--- Material for the task Enclosed Below ---

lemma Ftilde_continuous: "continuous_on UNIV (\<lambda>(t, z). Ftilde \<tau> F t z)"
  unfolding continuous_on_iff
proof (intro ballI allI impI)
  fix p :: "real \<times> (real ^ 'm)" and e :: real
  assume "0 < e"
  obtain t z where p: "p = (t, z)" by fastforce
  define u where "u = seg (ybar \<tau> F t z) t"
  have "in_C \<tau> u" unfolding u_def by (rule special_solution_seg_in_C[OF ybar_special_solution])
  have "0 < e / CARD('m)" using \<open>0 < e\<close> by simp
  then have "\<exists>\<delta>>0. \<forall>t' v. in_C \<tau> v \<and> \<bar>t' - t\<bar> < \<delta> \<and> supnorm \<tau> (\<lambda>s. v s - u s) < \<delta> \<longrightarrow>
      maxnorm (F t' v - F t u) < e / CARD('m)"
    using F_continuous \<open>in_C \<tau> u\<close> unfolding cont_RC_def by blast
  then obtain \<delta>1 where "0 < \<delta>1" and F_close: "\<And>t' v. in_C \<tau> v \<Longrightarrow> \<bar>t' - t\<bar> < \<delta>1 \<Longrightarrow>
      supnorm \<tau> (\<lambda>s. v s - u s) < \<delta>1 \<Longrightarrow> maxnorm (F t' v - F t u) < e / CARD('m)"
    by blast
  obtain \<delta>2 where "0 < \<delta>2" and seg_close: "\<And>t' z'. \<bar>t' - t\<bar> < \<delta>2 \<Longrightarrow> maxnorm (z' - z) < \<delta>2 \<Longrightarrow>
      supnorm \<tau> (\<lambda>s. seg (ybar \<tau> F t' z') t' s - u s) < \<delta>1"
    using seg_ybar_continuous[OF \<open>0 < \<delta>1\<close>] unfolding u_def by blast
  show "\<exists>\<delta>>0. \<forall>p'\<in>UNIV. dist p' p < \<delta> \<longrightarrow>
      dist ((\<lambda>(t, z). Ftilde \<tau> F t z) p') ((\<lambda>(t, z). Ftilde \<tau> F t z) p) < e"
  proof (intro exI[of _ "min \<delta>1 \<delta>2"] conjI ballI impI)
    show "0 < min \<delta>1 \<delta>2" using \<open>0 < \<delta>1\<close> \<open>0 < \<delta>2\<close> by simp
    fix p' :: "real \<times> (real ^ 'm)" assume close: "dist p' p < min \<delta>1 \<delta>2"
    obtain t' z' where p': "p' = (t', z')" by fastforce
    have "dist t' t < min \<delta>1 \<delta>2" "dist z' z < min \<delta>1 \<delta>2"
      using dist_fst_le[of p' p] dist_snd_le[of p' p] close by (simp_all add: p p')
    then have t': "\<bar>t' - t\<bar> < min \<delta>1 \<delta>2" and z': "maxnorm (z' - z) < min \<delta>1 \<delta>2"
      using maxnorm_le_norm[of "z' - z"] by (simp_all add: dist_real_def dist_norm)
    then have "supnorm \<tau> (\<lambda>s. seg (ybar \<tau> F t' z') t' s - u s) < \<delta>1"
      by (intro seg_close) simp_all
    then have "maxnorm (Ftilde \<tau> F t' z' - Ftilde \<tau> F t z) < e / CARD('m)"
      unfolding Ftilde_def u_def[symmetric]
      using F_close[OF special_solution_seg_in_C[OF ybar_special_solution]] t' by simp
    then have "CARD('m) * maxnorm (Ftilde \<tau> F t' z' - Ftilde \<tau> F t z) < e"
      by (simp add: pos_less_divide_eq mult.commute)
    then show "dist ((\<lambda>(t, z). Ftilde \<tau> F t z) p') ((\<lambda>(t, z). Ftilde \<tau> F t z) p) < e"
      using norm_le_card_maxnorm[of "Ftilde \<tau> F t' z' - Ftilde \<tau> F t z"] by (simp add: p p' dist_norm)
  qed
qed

--- End of Enclosed Material for the task ---

#### [Work request]
Reproduce the entries above exactly, starting at their first line and finishing with the line that contains "e\<close> by simp".

#### [Answer to this exercise]
lemma Ftilde_continuous: "continuous_on UNIV (\<lambda>(t, z). Ftilde \<tau> F t z)"
  unfolding continuous_on_iff
proof (intro ballI allI impI)
  fix p :: "real \<times> (real ^ 'm)" and e :: real
  assume "0 < e"
  obtain t z where p: "p = (t, z)" by fastforce
  define u where "u = seg (ybar \<tau> F t z) t"
  have "in_C \<tau> u" unfolding u_def by (rule special_solution_seg_in_C[OF ybar_special_solution])
  have "0 < e / CARD('m)" using \<open>0 < e\<close> by simp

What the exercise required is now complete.